━━━━━ LISTED ENTRIES

(* For every formula $\varphi$ there exists a formula $\varphi'$ with $\varphi'\equiv\varphi$ such that $\varphi'$ is in first normal form (i.e. $\mathrm{ubw}(\varphi') = 0$), $|\varphi'| \leq 4^{2|\varphi|}\cdot|\varphi|$, for every subformula $\mathbf{GF}\psi$ of $\varphi'$ the formula $\psi$ is a subformula of $\varphi$, and every subformula of $\varphi'$ of the form $\mathbf{FG}\chi$ is also a subformula of $\varphi$.
   Context: Fix a finite set $Ap$ of atomic propositions. A word is an infinite sequence $w = w[0]w[1]\dots$ of letters of $2^{Ap}$, and $w_i$ denotes the suffix $w[i]w[i+1]\dots$. Formulas are generated by $\varphi ::= \mathbf{true} \mid \mathbf{false} \mid a \mid \neg a \mid \varphi\wedge\varphi \mid \varphi\vee\varphi \mid \mathbf{X}\varphi \mid \varphi\,\mathbf{U}\,\varphi \mid \varphi\,\mathbf{W}\,\varphi \mid \mathbf{GF}\varphi \mid \mathbf{FG}\varphi$ ($a\in Ap$), where $\mathbf{GF}$, $\mathbf{FG}$ are single unary operators (limit operators). Semantics: $w\models a$ iff $a\in w[0]$, $w\models\neg a$ iff $a\notin w[0]$, Boolean constants and connectives as usual; $w\models\mathbf{X}\varphi$ iff $w_1\models\varphi$; $w\models\varphi\mathbf{U}\psi$ iff $\exists k$: $w_k\models\psi$ and $\forall j<k$: $w_j\models\varphi$; $w\models\varphi\mathbf{W}\psi$ iff ($\forall k$: $w_k\models\varphi$) or $w\models\varphi\mathbf{U}\psi$; $w\models\mathbf{GF}\varphi$ iff $w_k\models\varphi$ for infinitely many $k$; $w\models\mathbf{FG}\varphi$ iff $\exists n\,\forall k\geq n$: $w_k\models\varphi$. $\varphi\equiv\psi$ means both are satisfied by the same words. The syntax tree $T_\varphi$ has leaves $\mathbf{true},\mathbf{false},a,\neg a$ and one internal node per operator occurrence; $|\varphi|$ is its number of nodes. A $\mathbf{U}$-node (resp. $\mathbf{W}$-node, limit node) is a node whose subformula has top operator $\mathbf{U}$ (resp. $\mathbf{W}$, $\mathbf{GF}$ or $\mathbf{FG}$). A node is under another if it is a proper descendant of it. $\mathrm{ubw}(\varphi)$ is the number of $\mathbf{U}$-nodes of $T_\varphi$ that are under some $\mathbf{W}$-node but not under any limit node. A formula $\varphi$ is in first normal form if $\mathrm{ubw}(\varphi)=0$. *)

theory Defs
  imports Main
begin

text \<open>LTL formulas in negation normal form with limit operators GF and FG,
  over atomic propositions of type 'a (the finite set Ap is the type 'a, assumed finite
  in the theorem).\<close>

datatype 'a ltl =
    LTrue
  | LFalse
  | Prop 'a
  | NProp 'a
  | And "'a ltl" "'a ltl"
  | Or "'a ltl" "'a ltl"
  | Next "'a ltl"
  | Until "'a ltl" "'a ltl"
  | WeakUntil "'a ltl" "'a ltl"
  | GF "'a ltl"
  | FG "'a ltl"

type_synonym 'a word = "nat \<Rightarrow> 'a set"

definition suffix :: "nat \<Rightarrow> 'a word \<Rightarrow> 'a word" where
  "suffix i w = (\<lambda>n. w (i + n))"

fun sat :: "'a word \<Rightarrow> 'a ltl \<Rightarrow> bool" where
  "sat w LTrue = True"
| "sat w LFalse = False"
| "sat w (Prop a) = (a \<in> w 0)"
| "sat w (NProp a) = (a \<notin> w 0)"
| "sat w (And \<phi> \<psi>) = (sat w \<phi> \<and> sat w \<psi>)"
| "sat w (Or \<phi> \<psi>) = (sat w \<phi> \<or> sat w \<psi>)"
| "sat w (Next \<phi>) = sat (suffix 1 w) \<phi>"
| "sat w (Until \<phi> \<psi>) =
     (\<exists>k. sat (suffix k w) \<psi> \<and> (\<forall>j<k. sat (suffix j w) \<phi>))"
| "sat w (WeakUntil \<phi> \<psi>) =
     ((\<forall>k. sat (suffix k w) \<phi>) \<or>
      (\<exists>k. sat (suffix k w) \<psi> \<and> (\<forall>j<k. sat (suffix j w) \<phi>)))"
| "sat w (GF \<phi>) = infinite {k. sat (suffix k w) \<phi>}"
| "sat w (FG \<phi>) = (\<exists>n. \<forall>k\<ge>n. sat (suffix k w) \<phi>)"

definition equiv_ltl :: "'a ltl \<Rightarrow> 'a ltl \<Rightarrow> bool" where
  "equiv_ltl \<phi> \<psi> \<longleftrightarrow> (\<forall>w. sat w \<phi> = sat w \<psi>)"

fun size_ltl :: "'a ltl \<Rightarrow> nat" where
  "size_ltl LTrue = 1"
| "size_ltl LFalse = 1"
| "size_ltl (Prop a) = 1"
| "size_ltl (NProp a) = 1"
| "size_ltl (And \<phi> \<psi>) = 1 + size_ltl \<phi> + size_ltl \<psi>"
| "size_ltl (Or \<phi> \<psi>) = 1 + size_ltl \<phi> + size_ltl \<psi>"
| "size_ltl (Next \<phi>) = 1 + size_ltl \<phi>"
| "size_ltl (Until \<phi> \<psi>) = 1 + size_ltl \<phi> + size_ltl \<psi>"
| "size_ltl (WeakUntil \<phi> \<psi>) = 1 + size_ltl \<phi> + size_ltl \<psi>"
| "size_ltl (GF \<phi>) = 1 + size_ltl \<phi>"
| "size_ltl (FG \<phi>) = 1 + size_ltl \<phi>"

━━━━━━━━━━

**TASK ITEM:** The output should be exactly the lines above from the line containing "(And \<phi> \<psi>) = 1" to the line containing "(WeakUntil \<phi> \<psi>) = 1", inclusive, with no other lines.

**FINISHED EXERCISE:**
| "size_ltl (And \<phi> \<psi>) = 1 + size_ltl \<phi> + size_ltl \<psi>"
| "size_ltl (Or \<phi> \<psi>) = 1 + size_ltl \<phi> + size_ltl \<psi>"
| "size_ltl (Next \<phi>) = 1 + size_ltl \<phi>"
| "size_ltl (Until \<phi> \<psi>) = 1 + size_ltl \<phi> + size_ltl \<psi>"
| "size_ltl (WeakUntil \<phi> \<psi>) = 1 + size_ltl \<phi> + size_ltl \<psi>"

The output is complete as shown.